United Utilities hasseen revenues rise recently, so should you buy in? Phil Oakley investigates.

What is United Utilities?

United Utilities (UU) provides water and wastewater services to 3.2 million households and more than 400,000 business premises in the northwest of England. Its assets include 184 reservoirs, 575 wastewater treatment plants and over 85,000 kilometres of water mains and sewers. These were valued at £8.4bn in September 2011. The company's revenues and profits are regulated by Ofwat, which reviews customer bills and investment levels every five years.

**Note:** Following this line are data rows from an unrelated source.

text \<open>Amortised analysis with potential \<open>c N (x t - y t)\<close>: the per-round inequality
  telescopes because the comparison trajectory \<open>y\<close> pays \<open>C \<ge> c\<close> for every unit the potential
  can grow by its own movement.\<close>

lemma soco_cost_potential_bound:
  assumes N: "is_norm N" and "0 \<le> c" and "c \<le> C" and "x 0 = y 0"
    and step: "\<And>t. t \<in> {1..T} \<Longrightarrow> f t (x t) + N (x t - x (t - 1)) + c * N (x t - y t)
                  \<le> c * N (x (t - 1) - y t) + C * f t (y t)"
  shows "soco_cost N f T x + c * N (x T - y T) \<le> C * soco_cost N f T y"
  using step
proof (induction T)
  case 0
  then show ?case
    using \<open>x 0 = y 0\<close> is_norm_zero[OF N] by (simp add: soco_cost_def)
next
  case (Suc T)
  have IH: "soco_cost N f T x + c * N (x T - y T) \<le> C * soco_cost N f T y"
    using Suc by simp
  have "f (Suc T) (x (Suc T)) + N (x (Suc T) - x T) + c * N (x (Suc T) - y (Suc T))
          \<le> c * N (x T - y (Suc T)) + C * f (Suc T) (y (Suc T))"
    using Suc.prems[of "Suc T"] by simp
  moreover have "c * N (x T - y (Suc T)) \<le> c * N (x T - y T) + c * N (y (Suc T) - y T)"
    using is_norm_triangle_diff[OF N, of "x T" "y (Suc T)" "y T"] is_norm_minus_commute[OF N, of "y T"]
      \<open>0 \<le> c\<close> by (simp flip: distrib_left add: mult_left_mono)
  moreover have "c * N (y (Suc T) - y T) \<le> C * N (y (Suc T) - y T)"
    using \<open>c \<le> C\<close> is_norm_nonneg[OF N] by (simp add: mult_right_mono)
  ultimately show ?case
    using IH by (simp add: soco_cost_Suc distrib_left)
qed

What is the company's history?

North West Water plc was formed in 1989 during the privatisation of the British water industry. In 1995 it merged with electricity distribution company Norweb to create United Utilities. In addition to its regulated activities, the company built a portfolio of non-regulated businesses during the late 1990s with investments in telecoms, support services and international water companies. During the last decade, the utility businesses faced the combined challenges of tough regulatory reviews and high levels of debt. The result was a change in strategy and a cut in dividends. In 2006 and 2007, United Utilities sold its telecoms, electricity distribution and business outsourcing companies. With the remaining support services business sold in 2010, it is now a pure water company again.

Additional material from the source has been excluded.